The concept of a virtual machine, invented in the 20th Century, (not to
be confused with virtual reality) is important (a) for many engineering
applications, (b) for theoretical computer science, (c) for
understanding some of the major products of biological evolution (e.g.
animal minds), and (d) for gaining new insights into several old
philosophical problems, e.g. about the mind-body relationship, about
qualia, and how to analyse concepts of mind by adopting the design
stance in combination with the notion of an information processing
architecture [1,2]. Analysing relations between different sets of
requirements (niches) and designs for meeting the requirements exposes a
space of possible minds (for animals and artifacts), raising new
questions about evolution, about future intelligent machines, and about
how concepts of mind should be understood.
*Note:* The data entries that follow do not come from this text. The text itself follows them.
definition shatters :: "'a set set \<Rightarrow> 'a set \<Rightarrow> bool" where
  "shatters F T \<longleftrightarrow> (\<forall>U\<subseteq>T. \<exists>W\<in>F. W \<inter> T = U)"

lemma shatters_mono: "F \<subseteq> G \<Longrightarrow> shatters F T \<Longrightarrow> shatters G T"
  unfolding shatters_def by (meson subsetD)

lemma shatters_Diff_image:
  assumes "shatters ((\<lambda>W. W - {x}) ` F) T" "x \<notin> T"
  shows "shatters F T"
  unfolding shatters_def
proof (intro allI impI)
  fix U assume "U \<subseteq> T"
  then obtain W where "W \<in> F" "(W - {x}) \<inter> T = U"
    using assms(1) unfolding shatters_def by blast
  moreover have "(W - {x}) \<inter> T = W \<inter> T" using assms(2) by blast
  ultimately show "\<exists>W\<in>F. W \<inter> T = U" by auto
qed

lemma shatters_insert:
  assumes "shatters {W\<in>F. x \<notin> W} T" "shatters ((\<lambda>W. W - {x}) ` {W\<in>F. x \<in> W}) T" "x \<notin> T"
  shows "shatters F (insert x T)"
  unfolding shatters_def
proof (intro allI impI)
  fix U assume U: "U \<subseteq> insert x T"
  show "\<exists>W\<in>F. W \<inter> insert x T = U"
  proof (cases "x \<in> U")
    case True
    have "U - {x} \<subseteq> T" using U by blast
    then have "\<exists>W'\<in>(\<lambda>W. W - {x}) ` {W\<in>F. x \<in> W}. W' \<inter> T = U - {x}"
      using assms(2) unfolding shatters_def by meson
    then obtain W where "W \<in> F" "x \<in> W" "(W - {x}) \<inter> T = U - {x}" by auto
    then have "W \<inter> insert x T = U" using True by blast
    with \<open>W \<in> F\<close> show ?thesis by blast
  next
    case False
    then have "U \<subseteq> T" using U by blast
    then have "\<exists>W\<in>{W\<in>F. x \<notin> W}. W \<inter> T = U"
      using assms(1) unfolding shatters_def by meson
    then obtain W where "W \<in> F" "x \<notin> W" "W \<inter> T = U" by auto
    then have "W \<inter> insert x T = U" by blast
    with \<open>W \<in> F\<close> show ?thesis by blast
  qed
qed

(* A set shattered by both parts is counted twice on the left; it is matched by itself and by
   its extension with x on the right. *)
lemma card_shattered_parts_le:
  assumes "finite A" "x \<notin> A"
  defines "S \<equiv> \<lambda>G. {T. T \<subseteq> A \<and> shatters G T}"
  shows "card (S {W\<in>F. x \<notin> W}) + card (S ((\<lambda>W. W - {x}) ` {W\<in>F. x \<in> W}))
           \<le> card {T. T \<subseteq> insert x A \<and> shatters F T}"
proof -
  define S0 where "S0 = S {W\<in>F. x \<notin> W}"
  define S1 where "S1 = S ((\<lambda>W. W - {x}) ` {W\<in>F. x \<in> W})"
  have fin: "finite S0" "finite S1" using assms(1) by (simp_all add: S0_def S1_def S_def)
  have x: "x \<notin> T" if "T \<in> S0 \<union> S1" for T
    using that assms(2) by (auto simp: S0_def S1_def S_def)
  have "card S0 + card S1 = card (S0 \<union> S1) + card (S0 \<inter> S1)"
    using card_Un_Int[OF fin] .
  also have "\<dots> = card (S0 \<union> S1 \<union> insert x ` (S0 \<inter> S1))"
  proof -
    have "inj_on (insert x) (S0 \<inter> S1)"
      using x by (intro inj_onI) (metis Diff_insert_absorb Int_iff Un_iff)
    moreover have "(S0 \<union> S1) \<inter> insert x ` (S0 \<inter> S1) = {}"
      using x by blast
    ultimately show ?thesis using fin by (simp add: card_Un_disjoint card_image)
  qed
  also have "\<dots> \<le> card {T. T \<subseteq> insert x A \<and> shatters F T}"
  proof (rule card_mono)
    show "finite {T. T \<subseteq> insert x A \<and> shatters F T}" using assms(1) by simp
    have "S0 \<union> S1 \<subseteq> {T. T \<subseteq> insert x A \<and> shatters F T}"
      using assms(2) unfolding S0_def S1_def S_def
      by (auto intro: shatters_Diff_image shatters_mono[rotated])
    moreover have "insert x ` (S0 \<inter> S1) \<subseteq> {T. T \<subseteq> insert x A \<and> shatters F T}"
      using assms(2) unfolding S0_def S1_def S_def by (auto intro: shatters_insert)
    ultimately show "S0 \<union> S1 \<union> insert x ` (S0 \<inter> S1) \<subseteq> {T. T \<subseteq> insert x A \<and> shatters F T}"
      by blast
  qed
  finally show ?thesis by (simp add: S0_def S1_def)
qed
Most philosophers, biologists, psychologists and neuroscientists
completely ignore VMs, despite frequently (unwittingly) using them: e.g.
for email, spreadsheets, text processing, or web-browsing. Academic
philosophers generally ignore or misunderstand the philosophical
significance of VMs (in part because many assume VMs are finite state
machines). Pollock [3] is a rare exception. Dennett often mentions
virtual machines, but claims they are merely a useful fiction [e.g. 4,
note 10]. Events in useful fictions cannot cause email to be sent or
airliners to crash. The idea of a VM can significantly extend our
thinking about problems in several disciplines and pose new problems for
future empirical and philosophical research.


The idea of a VM had (at least) four sources (a) the demonstrations of
universality of certain sorts of machine (e.g. a Universal Turing
Machine can implement many other machines as virtual machines), (b)
engineering problems related to sharing scarce resources between
different processes running on one computer, (c) problems of portability
and modularity of code for software systems, and (d) the design of
layers of functionality for transmission networks. The common idea is
that structures and processes can exist and interact in ways that
require physical implementation, where the precise details of the
physical implementation can vary from time to time across machines and
even within one machine. Often VMs are layered, with VM1 implemented in
VM2, implemented in VM3, etc. The existence of causal interactions among
VM events and between VM events and physical events (e.g. events in a
word processor and events on a computer screen) challenges many (all?)
philosophical analyses of supervenience and of causation, but the latter
is a topic for another occasion.

Many issues discussed by philosophers (e.g. issues about how mental
concepts work and about relations between mind and body, such as
supervenience) require adoption of the design stance, using the notion
of a VM in which enduring concurrent non-physical (but physically
implemented) sub-processes interact with one another and with physical
entities. Compare: analyses of concepts like 'iron', 'carbon', 'water',
'rust', 'acidic', 'burning' are much better done using a good theory of
the architecture of matter than simply using pre-scientific ideas.
"Virtual Machine Functionalism" (VMF) denotes a type of functionalism
that refers to virtual machines that contain many concurrent interacting
processes, discrete and continuous, synchronised or asynchronous --
unlike conventional Functionalism, usually explained in terms of a
simple finite state machine. See [1,2] and my 'talks' website for more


A VM provides a level of abstraction that avoids the need for a
designer/maintainer to represent and reason about the vast complexities
of the underlying physical mechanisms (molecular, electronic or neural).
The same features make VMs important for complex systems that monitor
and control themselves: they share some requirements with their

This design strategy works only if: there is a good (e.g. reliable,
robust, flexible) implementation for the VM, and the VM includes
mechanisms enabling relevant states and processes to be sensed and
modulated (e.g. blocking email from particular addresses). Identifying
requirements for good virtual machines in biological organisms. future
robots, and complex control systems (e.g. chemical plants) is a
multidisciplinary task for philosophers, engineers (including
roboticists), biologists and psychologists.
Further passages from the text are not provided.